Thus, the O content in the matrix would decrease with the increase of Y addition according to the formula above. Compared with S0, the number densities’ decrease rate is 31.11%/0.1 wt.%Y, 7.33%/0.1 wt.%Y, and 4.78%/0.1 wt.%Y for S1, S2, and S3, respectively, and the average size decrease rate is 5.41%/0.1 wt.%Y, 1.62%/0.1 wt.%Y, and 1.22%/0.1 wt.%Y for S1, S2, and S3, respectively. As a result, the addition amount of 0.1wt %Y in V-4Cr-4Ti alloy is considered to be reasonable.

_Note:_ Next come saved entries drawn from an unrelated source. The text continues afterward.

lemma cmod_cos_remainder_le:
  assumes "n \<ge> 1" "t \<in> {0..pi}"
  shows "cmod (cos_remainder n t) \<le> cos_bound * pi\<^sup>2 * (xi p lam al n)\<^sup>2"
proof -
  have eq: "cos_remainder n t = cos (rho lam n * of_real t) - cos (rhot p n * of_real t)
      + sin (rhot p n * of_real t) * (rho lam n * of_real t - rhot p n * of_real t)"
    by (simp add: cos_remainder_def rhohat_def algebra_simps)
  have "cmod (cos_remainder n t) \<le> cos_bound * (cmod (rho lam n * of_real t - rhot p n * of_real t))\<^sup>2"
    unfolding eq cos_bound_def using abs_Im_rho_mult_le[OF assms] Omega_pos
    by (intro cmod_cos_linear_remainder_le_strip) (auto simp: rhot_eq_of_nat)
  also have "\<dots> \<le> cos_bound * (pi * xi p lam al n)\<^sup>2"
    using cos_bound_ge_1 cmod_rho_rhot_mult_diff_le[OF assms(2), of n] cmod_rhohat_le_xi[of p lam n al]
    by (intro mult_left_mono power_mono) (auto intro: order_trans)
  finally show ?thesis by (simp add: power_mult_distrib mult.assoc)
qed

lemma cmod_psit_le: "cmod (psit p lam x n i) \<le> psit_bound"
proof -
  have "cmod (cos (rhot p n * of_real x)) \<le> 1"
    by (simp add: cos_rhot_mult)
  then have cos_rhot: "cmod (cos (rhot p n * of_real x)) \<le> psit_bound"
    using psit_bound_ge_pi pi_gt3 by linarith
  have sin_rhot: "cmod (- of_real x * sin (rhot p n * of_real x)) \<le> psit_bound"
  proof -
    have "cmod (- of_real x * sin (rhot p n * of_real x)) \<le> x * 1"
      using x_nonneg by (simp add: sin_rhot_mult norm_mult mult_left_le)
    then show ?thesis using x_le_pi psit_bound_ge_pi by linarith
  qed
  have quotient: "cmod ((cos (rho lam n * of_real x) - cos (rhot p n * of_real x)) / \<delta> n) \<le> psit_bound"
    if "n \<ge> 1" "\<delta> n \<noteq> 0"
    using cmod_cos_rho_diff_le[OF that(1) x_in] that(2)
    by (simp add: norm_divide divide_le_eq psit_bound_def mult.commute)
  show ?thesis
    using cos_rhot sin_rhot quotient order_trans[OF pi_ge_zero psit_bound_ge_pi]
    by (auto simp: psit_def Tm_def rhoi_def sum_lessThan_2 diff_divide_distrib)
qed
theorem mainTheorem6:
  fixes t p :: nat
  assumes "t \<ge> 1" and "p \<ge> 3 * t^2 + t + 1"
  shows "inter_arrow (Xg p) (copies t (spider t t t)) \<and>
         inter_arrow (Yg p) (copies t (spider t t t))"
proof -
  have "t * (t + t + t + 1) < p"
    using assms(2) by (simp add: power2_eq_square algebra_simps)
  then show ?thesis
    using inter_arrow_Kpp_plus_spiders by (simp add: Xg_eq_Kpp_plus Yg_eq_Kpp_plus)
qed

end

At the same time, the addition of alloying elements (Al, Si, Y) could decrease the vacancy formation energies ($E_f^V$) and the migration energy of interstitial atoms ($E_m^I$) in the diluted V-X alloys (X = Ti, Cr, Al, Si, or Y) [24]. The $E_f^V$ is 2.34 eV, 2.31 eV, 2.20 eV, and 1.36 eV for pure vanadium, V-Al, V-Si, and V-Y alloys, respectively. Obviously, the Y atom exhibits strong interaction with vacancy, since only the atomic size of the Y atom is significantly different from the host V atom. Moreover, it was reported that the addition of alloying elements in vanadium alloy could decrease the migration energy of vacancies ($E_m^V$) [25]. Considering the strong interaction between Y and vacancy, it was also believed that the addition of Y could increase interstitial atom migration energy, inhibit interstitial atoms agglomeration, and thus inhibit the dislocation loops’ growth. It can be reasonably explained that the average size of the dislocation loops decreases with the increase of the addition amount of Y.

Compared with dislocation loops in S0, the decrease rate of the number densities and the size decreased of that in S3 is 47.78% and 12.16%, indicating that the effect of Y content on the dislocation loops nucleating is far greater than the effect on the interstitial atom migration.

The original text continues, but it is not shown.